» Exercise goal:
Beginning with the opening line, restate the following material exactly, up through the line that contains "actB \<phi> \<longleftrightarrow>".

» Material for this exercise:
(* Let $\nu\ge1$, $\Psi\neq\emptyset$, $n\in\mathbb N$, and let $W_1,\dots,W_n:\Omega\to\ell^\infty(\Psi)$ be arbitrary (not necessarily measurable) maps on a probability space $(\Omega,\Upsilon,P)$. For $1\le i\le j\le n$ and $\psi\in\Psi$ let $S^W_{i,j}(\psi)=\sum_{k=i}^jW_k(\psi)$ and $M^W_{i,j}(\psi)=\max_{k=i,\dots,j}|S^W_{i,k}(\psi)|$. Suppose there exist $\alpha>1$ and $g:\{1,\dots,n\}^2\to\mathbb R$ such that $\mathrm E^*\{\sup_{\psi\in\Psi}|S^W_{i,j}(\psi)|^\nu\}\le g^\alpha(i,j)$ for all $1\le i\le j\le n$, and (i') $g(i,j)\ge0$ for all $(i,j)\in\{1,\dots,n\}^2$; (ii') $g(i,j)\le g(i,j+1)$ for all $1\le i\le j\le n-1$; (iii') $g(i,j)+g(j+1,k)\le Q\,g(i,k)$ for all $1\le i\le j<k\le n$, for some $Q\in[1,2^{(\alpha-1)/\alpha})$. Then there exists a constant $A$ depending only on $\alpha,\nu,Q$ such that $$\mathrm E^*\Big\{\sup_{\psi\in\Psi}|M^W_{1,n}(\psi)|^\nu\Big\}\le A\,g^\alpha(1,n);$$ one may take $A=\big(1-Q^{\alpha/\nu}/2^{(\alpha-1)/\nu}\big)^{-\nu}$.
   Context: $\ell^\infty(\Psi)$ is the space of bounded real functions on $\Psi$. $\mathrm E^*$ denotes outer expectation: $\mathrm E^*\{Y\}=\inf\{\mathrm E\{U\}:U\ge Y,\ U:\Omega\to[-\infty,\infty]\text{ measurable},\ \mathrm E\{U\}\text{ exists}\}$. *)

theory Defs
  imports "HOL-Probability.Probability"
begin

definition ereal_expectation_exists :: "'a measure \<Rightarrow> ('a \<Rightarrow> ereal) \<Rightarrow> bool" where
  "ereal_expectation_exists M U \<longleftrightarrow>
     \<not> ((\<integral>\<^sup>+ x. e2ennreal (U x) \<partial>M) = \<infinity> \<and> (\<integral>\<^sup>+ x. e2ennreal (- U x) \<partial>M) = \<infinity>)"
definition mod_iso :: "('o \<Rightarrow> 'o \<Rightarrow> 'm set)
    \<Rightarrow> ('k::field \<Rightarrow> 'a::ab_group_add \<Rightarrow> 'a) \<Rightarrow> ('o \<Rightarrow> 'a set) \<Rightarrow> ('o \<Rightarrow> 'o \<Rightarrow> 'm \<Rightarrow> 'a \<Rightarrow> 'a)
    \<Rightarrow> ('k \<Rightarrow> 'b::ab_group_add \<Rightarrow> 'b) \<Rightarrow> ('o \<Rightarrow> 'b set) \<Rightarrow> ('o \<Rightarrow> 'o \<Rightarrow> 'm \<Rightarrow> 'b \<Rightarrow> 'b)
    \<Rightarrow> ('o \<Rightarrow> 'a \<Rightarrow> 'b) \<Rightarrow> bool" where
  "mod_iso Hom sA Ac actA sB Bc actB \<phi> \<longleftrightarrow>
     mod_hom Hom sA Ac actA sB Bc actB \<phi> \<and> (\<forall>x. bij_betw (\<phi> x) (Ac x) (Bc x))"

definition short_exact :: "('o \<Rightarrow> 'o \<Rightarrow> 'm set)
    \<Rightarrow> ('k::field \<Rightarrow> 'l::ab_group_add \<Rightarrow> 'l) \<Rightarrow> ('o \<Rightarrow> 'l set) \<Rightarrow> ('o \<Rightarrow> 'o \<Rightarrow> 'm \<Rightarrow> 'l \<Rightarrow> 'l)
    \<Rightarrow> ('k \<Rightarrow> 'v::ab_group_add \<Rightarrow> 'v) \<Rightarrow> ('o \<Rightarrow> 'v set) \<Rightarrow> ('o \<Rightarrow> 'o \<Rightarrow> 'm \<Rightarrow> 'v \<Rightarrow> 'v)
    \<Rightarrow> ('k \<Rightarrow> 'n::ab_group_add \<Rightarrow> 'n) \<Rightarrow> ('o \<Rightarrow> 'n set) \<Rightarrow> ('o \<Rightarrow> 'o \<Rightarrow> 'm \<Rightarrow> 'n \<Rightarrow> 'n)
    \<Rightarrow> ('o \<Rightarrow> 'l \<Rightarrow> 'v) \<Rightarrow> ('o \<Rightarrow> 'v \<Rightarrow> 'n) \<Rightarrow> bool" where
  "short_exact Hom sL Lc actL sM Mc actM sN Nc actN \<alpha> \<beta> \<longleftrightarrow>
     mod_hom Hom sL Lc actL sM Mc actM \<alpha> \<and> mod_hom Hom sM Mc actM sN Nc actN \<beta> \<and>
     (\<forall>x. inj_on (\<alpha> x) (Lc x) \<and> \<beta> x ` Mc x = Nc x \<and> \<alpha> x ` Lc x = {m \<in> Mc x. \<beta> x m = 0})"
text \<open>Write \<open>T\<close> for \<open>\<theta>\<close>. Unfolding the blocks, \<open>M (p @ q) = J (T w)\<close> says exactly
  \<open>w = p + B T q = q - A T p\<close>, and then \<open>(A # B) (T w) = q - p\<close>. Pairing with \<open>T w\<close> and using
  that \<open>T\<close> is Hermitian gives the energy identity
  \<open>Re \<langle>(A # B) T w, T w\<rangle> = Re \<langle>A T p, T p\<rangle> + Re \<langle>B T q, T q\<rangle>\<close>,
  so \<open>M\<close> is injective and \<open>Re (A # B)\<close> is positive definite; symmetry of \<open>A # B\<close> follows from the
  skew-symmetry of \<open>T\<close>. Moreover the same equations say that the graph \<open>{(v + P v, v - P v)}\<close> of the
  Cayley transform of \<open>P = (A # B) T\<close> is the relational composite of those of \<open>B T\<close> and \<open>A T\<close>.
  Composition of relations is associative and the graph determines \<open>P\<close>, which gives associativity;
  and \<open>det (1 + P) \<noteq> 0\<close> says that the graph meets \<open>{0} \<times> _\<close> only in \<open>(0, 0)\<close>, a property
  preserved by composition.\<close>

lemma append_vec_cases:
  assumes "x \<in> carrier_vec (n + m)"
  obtains x1 x2 where "x1 \<in> carrier_vec n" "x2 \<in> carrier_vec m" "x = x1 @\<^sub>v x2"
  using assms by (metis vec_first_carrier vec_last_carrier vec_first_last_append)

lemma add_diff_eq_vec_cancel:
  fixes x y u v :: "'a :: field_char_0 vec"
  assumes "x \<in> carrier_vec k" "y \<in> carrier_vec k" "u \<in> carrier_vec k" "v \<in> carrier_vec k"
    and sum: "x + y = u + v" and diff: "x - y = u - v"
  shows "x = u" "y = v"
proof -
  have "x $ i = u $ i \<and> y $ i = v $ i" if "i < k" for i
  proof -
    have sum_i: "x $ i + y $ i = u $ i + v $ i" and diff_i: "x $ i - y $ i = u $ i - v $ i"
      using arg_cong[OF sum, of "\<lambda>w. w $ i"] arg_cong[OF diff, of "\<lambda>w. w $ i"] that assms(1-4)
      by auto
    from diff_i have "x $ i = u $ i - v $ i + y $ i" by (simp add: algebra_simps)
    with sum_i have "y $ i + y $ i = v $ i + v $ i" by (simp add: algebra_simps)
    then have "y $ i = v $ i" by (simp flip: mult_2)
    with sum_i show ?thesis by simp
  qed
  then show "x = u" "y = v" using assms(1-4) by (auto intro!: eq_vecI)
qed

lemma mult_mat_vec_zero [simp]:
  "dim_col (A :: 'a :: semiring_0 mat) = l \<Longrightarrow> A *\<^sub>v 0\<^sub>v l = 0\<^sub>v (dim_row A)"
  by (intro eq_vecI) auto

lemma mult_mat_vec_uminus:
  "(A :: 'a :: ring mat) \<in> carrier_mat k l \<Longrightarrow> v \<in> carrier_vec l \<Longrightarrow> A *\<^sub>v (- v) = - (A *\<^sub>v v)"
  by (intro eq_vecI) auto

lemma eq_mat_if_mult_vec_eq:
  assumes "(P :: 'a :: semiring_1 mat) \<in> carrier_mat k l" "Q \<in> carrier_mat k l"
    and "\<And>v. v \<in> carrier_vec l \<Longrightarrow> P *\<^sub>v v = Q *\<^sub>v v"
  shows "P = Q"
proof (rule eq_matI)
  fix i j assume "i < dim_row Q" "j < dim_col Q"
  moreover have "(P *\<^sub>v unit_vec l j) $ i = (Q *\<^sub>v unit_vec l j) $ i"
    using assms(3)[of "unit_vec l j"] by simp
  ultimately show "P $$ (i, j) = Q $$ (i, j)" using assms(1,2) by simp
qed (use assms in auto)

lemma sym_mat_scalar_prod_swap:
  assumes "sym_mat k S" "u \<in> carrier_vec k" "v \<in> carrier_vec k"
  shows "(S *\<^sub>v u) \<bullet> v = (S *\<^sub>v v) \<bullet> u"
proof -
  have S: "S \<in> carrier_mat k k" "transpose_mat S = S" using assms(1) unfolding sym_mat_def by auto
  have "(S *\<^sub>v u) \<bullet> v = v \<bullet> (S *\<^sub>v u)" using S assms by (intro comm_scalar_prod[of _ k]) auto
  also have "\<dots> = (transpose_mat S *\<^sub>v v) \<bullet> u" using transpose_vec_mult_scalar[OF S(1) assms(2,3)] by simp
  finally show ?thesis using S by simp
qed

lemma invertible_mat_if_det_nonzero:
  assumes "(N :: 'a :: field mat) \<in> carrier_mat k k" "det N \<noteq> 0"
  shows "invertible_mat N"
proof -
  obtain N' where "N' \<in> carrier_mat k k" "N' * N = 1\<^sub>m k" "N * N' = 1\<^sub>m k"
    using det_non_zero_imp_unit[OF assms, of "()"] unfolding Units_def ring_mat_def by auto
  then show ?thesis
    using assms(1) unfolding invertible_mat_def inverts_mat_def square_mat.simps by auto
qed

lemma inv_mat_inverse:
  assumes N: "N \<in> carrier_mat k k" and "invertible_mat N"
  shows "inv_mat N \<in> carrier_mat k k" "N * inv_mat N = 1\<^sub>m k" "inv_mat N * N = 1\<^sub>m k"
proof -
  have "\<exists>N'. inverts_mat N N' \<and> inverts_mat N' N"
    using assms(2) unfolding invertible_mat_def by auto
  then have "inverts_mat N (inv_mat N) \<and> inverts_mat (inv_mat N) N"
    unfolding inv_mat_def by (rule someI_ex)
  then have right: "N * inv_mat N = 1\<^sub>m k" and left: "inv_mat N * N = 1\<^sub>m (dim_row (inv_mat N))"
    using N unfolding inverts_mat_def by auto
  have "dim_col (inv_mat N) = k" using arg_cong[OF right, of dim_col] by simp
  moreover have "dim_row (inv_mat N) = k" using arg_cong[OF left, of dim_col] N by simp
  ultimately show "inv_mat N \<in> carrier_mat k k" "N * inv_mat N = 1\<^sub>m k" "inv_mat N * N = 1\<^sub>m k"
    using right left by auto
qed

lemma cscalar_prod_eq_sum:
  "x \<in> carrier_vec k \<Longrightarrow> y \<in> carrier_vec k \<Longrightarrow> x \<bullet>c y = (\<Sum>i<k. x $ i * cnj (y $ i))"
  unfolding scalar_prod_def by (auto intro!: sum.cong simp: atLeast0LessThan)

» Answer section:
(* Let $\nu\ge1$, $\Psi\neq\emptyset$, $n\in\mathbb N$, and let $W_1,\dots,W_n:\Omega\to\ell^\infty(\Psi)$ be arbitrary (not necessarily measurable) maps on a probability space $(\Omega,\Upsilon,P)$. For $1\le i\le j\le n$ and $\psi\in\Psi$ let $S^W_{i,j}(\psi)=\sum_{k=i}^jW_k(\psi)$ and $M^W_{i,j}(\psi)=\max_{k=i,\dots,j}|S^W_{i,k}(\psi)|$. Suppose there exist $\alpha>1$ and $g:\{1,\dots,n\}^2\to\mathbb R$ such that $\mathrm E^*\{\sup_{\psi\in\Psi}|S^W_{i,j}(\psi)|^\nu\}\le g^\alpha(i,j)$ for all $1\le i\le j\le n$, and (i') $g(i,j)\ge0$ for all $(i,j)\in\{1,\dots,n\}^2$; (ii') $g(i,j)\le g(i,j+1)$ for all $1\le i\le j\le n-1$; (iii') $g(i,j)+g(j+1,k)\le Q\,g(i,k)$ for all $1\le i\le j<k\le n$, for some $Q\in[1,2^{(\alpha-1)/\alpha})$. Then there exists a constant $A$ depending only on $\alpha,\nu,Q$ such that $$\mathrm E^*\Big\{\sup_{\psi\in\Psi}|M^W_{1,n}(\psi)|^\nu\Big\}\le A\,g^\alpha(1,n);$$ one may take $A=\big(1-Q^{\alpha/\nu}/2^{(\alpha-1)/\nu}\big)^{-\nu}$.
   Context: $\ell^\infty(\Psi)$ is the space of bounded real functions on $\Psi$. $\mathrm E^*$ denotes outer expectation: $\mathrm E^*\{Y\}=\inf\{\mathrm E\{U\}:U\ge Y,\ U:\Omega\to[-\infty,\infty]\text{ measurable},\ \mathrm E\{U\}\text{ exists}\}$. *)

theory Defs
  imports "HOL-Probability.Probability"
begin

definition ereal_expectation_exists :: "'a measure \<Rightarrow> ('a \<Rightarrow> ereal) \<Rightarrow> bool" where
  "ereal_expectation_exists M U \<longleftrightarrow>
     \<not> ((\<integral>\<^sup>+ x. e2ennreal (U x) \<partial>M) = \<infinity> \<and> (\<integral>\<^sup>+ x. e2ennreal (- U x) \<partial>M) = \<infinity>)"
definition mod_iso :: "('o \<Rightarrow> 'o \<Rightarrow> 'm set)
    \<Rightarrow> ('k::field \<Rightarrow> 'a::ab_group_add \<Rightarrow> 'a) \<Rightarrow> ('o \<Rightarrow> 'a set) \<Rightarrow> ('o \<Rightarrow> 'o \<Rightarrow> 'm \<Rightarrow> 'a \<Rightarrow> 'a)
    \<Rightarrow> ('k \<Rightarrow> 'b::ab_group_add \<Rightarrow> 'b) \<Rightarrow> ('o \<Rightarrow> 'b set) \<Rightarrow> ('o \<Rightarrow> 'o \<Rightarrow> 'm \<Rightarrow> 'b \<Rightarrow> 'b)
    \<Rightarrow> ('o \<Rightarrow> 'a \<Rightarrow> 'b) \<Rightarrow> bool" where
  "mod_iso Hom sA Ac actA sB Bc actB \<phi> \<longleftrightarrow>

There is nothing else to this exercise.